▶ Problem requirements:
Only the lines from the one with "then obtain c1" through the end of the material, both ends included, should be retyped exactly.

::::::

(* Suppose the e-values are valid, i.e. $\mathbb{E}[e_t\mid\mathcal{F}_{t-1}]\le1$ a.s. whenever $\theta_t=0$. Fix $d\in(0,1]$ and define the oracle estimate of the decaying-memory FDP $$\mathrm{mem\text{-}FDP}^*(t)=\sum_{j\in\mathcal{H}_0(t)}\frac{\alpha_j}{d\,R^{\mathrm d}_{j-1}+1}.$$ Then for every $t\ge1$: if $\mathbb{E}[\mathrm{mem\text{-}FDP}^*(t)]\le\alpha$, then $\mathrm{mem\text{-}FDR}(t)\le\alpha$.
   Context: Let $\alpha\in(0,1)$ be a target level. Hypotheses are indexed by $t=1,2,\dots$; $\theta_t\in\{0,1\}$ is a fixed (non-random) indicator with $\theta_t=0$ iff the $t$-th null hypothesis is true. $e_1,e_2,\dots$ are nonnegative random variables (e-values). Testing levels $\alpha_1,\alpha_2,\dots$ are nonnegative random variables and the decisions are $\delta_t=\mathbb{1}\{e_t\ge 1/\alpha_t\}$ (with $\delta_t=0$ when $\alpha_t=0$). Let $\mathcal{F}_t=\sigma(\delta_1,\dots,\delta_t)$, $\mathcal{F}_0$ trivial; each $\alpha_t$ is required to be $\mathcal{F}_{t-1}$-measurable. $\mathcal{H}_0(t)=\{j\le t:\theta_j=0\}$. For a decay parameter $d\in(0,1]$, $R^{\mathrm d}_t=\sum_{j=1}^t d^{t-j}\delta_j$ with $R^{\mathrm d}_0=0$, and the decaying-memory FDR is $\mathrm{mem\text{-}FDR}(t)=\mathbb{E}\big[\sum_{j\in\mathcal{H}_0(t)}d^{t-j}\delta_j\big/R^{\mathrm d}_t\big]$ with the convention $0/0=0$. *)

theory Defs
  imports "HOL-Probability.Probability"
begin

definition delta :: "(nat \<Rightarrow> 'a \<Rightarrow> real) \<Rightarrow> (nat \<Rightarrow> 'a \<Rightarrow> real) \<Rightarrow> nat \<Rightarrow> 'a \<Rightarrow> real" where
  "delta e alpha t x = (if alpha t x \<noteq> 0 \<and> e t x \<ge> 1 / alpha t x then 1 else 0)"
theorem lemma3p3:
  fixes A :: "nat set" and n p q :: nat
  assumes "finite A" and "0 \<in> A"
    and "tiles_with_period (int ` A) n"
    and "prime p" and "prime q" and "p \<noteq> q"
    and "prime_factors n = {p, q}"
    and "\<not> cyclotomic_prime p dvd mask_poly A"
    and "\<not> cyclotomic_prime q dvd mask_poly A"
  shows "(\<forall>a\<in>A. p dvd a) \<or> (\<forall>a\<in>A. q dvd a)"
proof (rule ccontr)
  assume not_one_class: "\<not> ?thesis"
  obtain C where n: "n > 0" and T: "tiles_mod n A C"
    using tiles_with_period_imp_tiles_mod[OF assms(3,1)] by blast
  obtain a1 a2 where a: "a1 \<in> A" "a2 \<in> A" "a1 \<noteq> a2" and "coprime (int a1 - int a2) (int n)"
    using exists_unit_difference[OF assms(7,2)] not_one_class by (auto simp: cong_0_iff)
  obtain c0 where c0: "c0 \<in> C"
    using tiles_mod_card[OF n T] n by fastforce
  have "p dvd n" and "q dvd n"
    using assms(7) by (auto simp: in_prime_factors_iff dest: equalityD2)
  then have "\<exists>c\<in>C. \<not> [c = c0] (mod p)" and "\<exists>c\<in>C. \<not> [c = c0] (mod q)"
    using tiles_mod_one_class_imp_cyclotomic_dvd[OF n T _ c0] assms(8,9) by blast+
  then obtain c1 c2 where "c1 \<in> C" "c2 \<in> C" and "coprime (int c1 - int c2) (int n)"
    using exists_unit_difference[OF assms(7) c0] by blast
  then show False
    using tiles_mod_unit_differences[OF n T a(1,2)] \<open>coprime (int a1 - int a2) (int n)\<close> a(3) by blast
qed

::::::

▶ Result for this exercise:
  then obtain c1 c2 where "c1 \<in> C" "c2 \<in> C" and "coprime (int c1 - int c2) (int n)"
    using exists_unit_difference[OF assms(7) c0] by blast
  then show False
    using tiles_mod_unit_differences[OF n T a(1,2)] \<open>coprime (int a1 - int a2) (int n)\<close> a(3) by blast
qed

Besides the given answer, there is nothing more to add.